• About this task:
Below are the records; repeat them in full, exactly.

• Supplied entries:
####
theorem theorem3p3:
  fixes n :: nat and S T :: "nat \<Rightarrow> complex mat"
  assumes "n \<ge> 3"
    and "braid_rep n n S" and "homogeneous_2local n S" and "nontrivial n S"
    and "sing_monoid_rep n n S T" and "homogeneous_2local n T"
  shows "((\<exists>a c t. a \<noteq> 0 \<and> a \<noteq> 1 \<and> c \<noteq> 0 \<and>
            equiv_sm_rep n S T
              (\<lambda>i. blk n i (mat2 a ((1 - a) / c) c 0))
              (\<lambda>i. blk n i (mat2 (1 - (1 - a) * (1 - t)) ((1 - a) / c * (1 - t)) (c * (1 - t)) t)))
         \<or> (\<exists>c d x. c \<noteq> 0 \<and> d \<noteq> 0 \<and> d \<noteq> 1 \<and>
            equiv_sm_rep n S T
              (\<lambda>i. blk n i (mat2 0 ((1 - d) / c) c d))
              (\<lambda>i. blk n i (mat2 x ((1 - d) / c * (1 - x)) (c * (1 - x)) (1 - (1 - d) * (1 - x)))))
         \<or> (\<exists>b c x y. b \<noteq> 0 \<and> c \<noteq> 0 \<and>
            equiv_sm_rep n S T
              (\<lambda>i. blk n i (mat2 0 b c 0))
              (\<lambda>i. blk n i (mat2 x y (c * y / b) x))))
       \<and> ((\<forall>i\<in>{1..n-1}. invertible_mat (T i)) \<longrightarrow> sing_group_rep n n S T)"
proof -
  obtain M where "M \<in> carrier_mat 2 2" and S: "\<forall>i\<in>{1..n-1}. S i = blk n i M"
    using assms(3) unfolding homogeneous_2local_def by blast
  then obtain p q r s where M: "M = mat2 p q r s"
    using mat2_cases by blast
  obtain N where "N \<in> carrier_mat 2 2" and T: "\<forall>i\<in>{1..n-1}. T i = blk n i N"
    using assms(6) unfolding homogeneous_2local_def by blast
  then obtain x y z w where N: "N = mat2 x y z w"
    using mat2_cases by blast
  have "invertible_mat (blk n 1 M)"
    using assms(1,2) S unfolding braid_rep_def by auto
  then have lines: "p \<noteq> 0 \<or> q \<noteq> 0" "r \<noteq> 0 \<or> s \<noteq> 0" "p \<noteq> 0 \<or> r \<noteq> 0" "q \<noteq> 0 \<or> s \<noteq> 0"
    using invertible_blk_1_mat2[of n p q r s] assms(1) M by auto
  have "M \<noteq> 1\<^sub>m 2"
    using assms(4) S blk_one unfolding nontrivial_def by auto
  note forms = homogeneous_pair_classification[OF M N
      sing_monoid_rep_local_relations[OF assms(1,5) S T] lines this]
  have "equiv_sm_rep n S T (\<lambda>i. blk n i M) (\<lambda>i. blk n i N)"
    using S T by (intro equiv_sm_rep_if_eq_on) (auto simp: blk_carrier)
  moreover have "(\<forall>i\<in>{1..n-1}. invertible_mat (T i)) \<longrightarrow> sing_group_rep n n S T"
    using assms(5) unfolding sing_group_rep_def by blast
  ultimately show ?thesis
    using forms by blast
qed

end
####
• Solution for this exercise:
theorem theorem3p3:
  fixes n :: nat and S T :: "nat \<Rightarrow> complex mat"
  assumes "n \<ge> 3"
    and "braid_rep n n S" and "homogeneous_2local n S" and "nontrivial n S"
    and "sing_monoid_rep n n S T" and "homogeneous_2local n T"
  shows "((\<exists>a c t. a \<noteq> 0 \<and> a \<noteq> 1 \<and> c \<noteq> 0 \<and>
            equiv_sm_rep n S T
              (\<lambda>i. blk n i (mat2 a ((1 - a) / c) c 0))
              (\<lambda>i. blk n i (mat2 (1 - (1 - a) * (1 - t)) ((1 - a) / c * (1 - t)) (c * (1 - t)) t)))
         \<or> (\<exists>c d x. c \<noteq> 0 \<and> d \<noteq> 0 \<and> d \<noteq> 1 \<and>
            equiv_sm_rep n S T
              (\<lambda>i. blk n i (mat2 0 ((1 - d) / c) c d))
              (\<lambda>i. blk n i (mat2 x ((1 - d) / c * (1 - x)) (c * (1 - x)) (1 - (1 - d) * (1 - x)))))
         \<or> (\<exists>b c x y. b \<noteq> 0 \<and> c \<noteq> 0 \<and>
            equiv_sm_rep n S T
              (\<lambda>i. blk n i (mat2 0 b c 0))
              (\<lambda>i. blk n i (mat2 x y (c * y / b) x))))
       \<and> ((\<forall>i\<in>{1..n-1}. invertible_mat (T i)) \<longrightarrow> sing_group_rep n n S T)"
proof -
  obtain M where "M \<in> carrier_mat 2 2" and S: "\<forall>i\<in>{1..n-1}. S i = blk n i M"
    using assms(3) unfolding homogeneous_2local_def by blast
  then obtain p q r s where M: "M = mat2 p q r s"
    using mat2_cases by blast
  obtain N where "N \<in> carrier_mat 2 2" and T: "\<forall>i\<in>{1..n-1}. T i = blk n i N"
    using assms(6) unfolding homogeneous_2local_def by blast
  then obtain x y z w where N: "N = mat2 x y z w"
    using mat2_cases by blast
  have "invertible_mat (blk n 1 M)"
    using assms(1,2) S unfolding braid_rep_def by auto
  then have lines: "p \<noteq> 0 \<or> q \<noteq> 0" "r \<noteq> 0 \<or> s \<noteq> 0" "p \<noteq> 0 \<or> r \<noteq> 0" "q \<noteq> 0 \<or> s \<noteq> 0"
    using invertible_blk_1_mat2[of n p q r s] assms(1) M by auto
  have "M \<noteq> 1\<^sub>m 2"
    using assms(4) S blk_one unfolding nontrivial_def by auto
  note forms = homogeneous_pair_classification[OF M N
      sing_monoid_rep_local_relations[OF assms(1,5) S T] lines this]
  have "equiv_sm_rep n S T (\<lambda>i. blk n i M) (\<lambda>i. blk n i N)"
    using S T by (intro equiv_sm_rep_if_eq_on) (auto simp: blk_carrier)
  moreover have "(\<forall>i\<in>{1..n-1}. invertible_mat (T i)) \<longrightarrow> sing_group_rep n n S T"
    using assms(5) unfolding sing_group_rep_def by blast
  ultimately show ?thesis
    using forms by blast
qed

end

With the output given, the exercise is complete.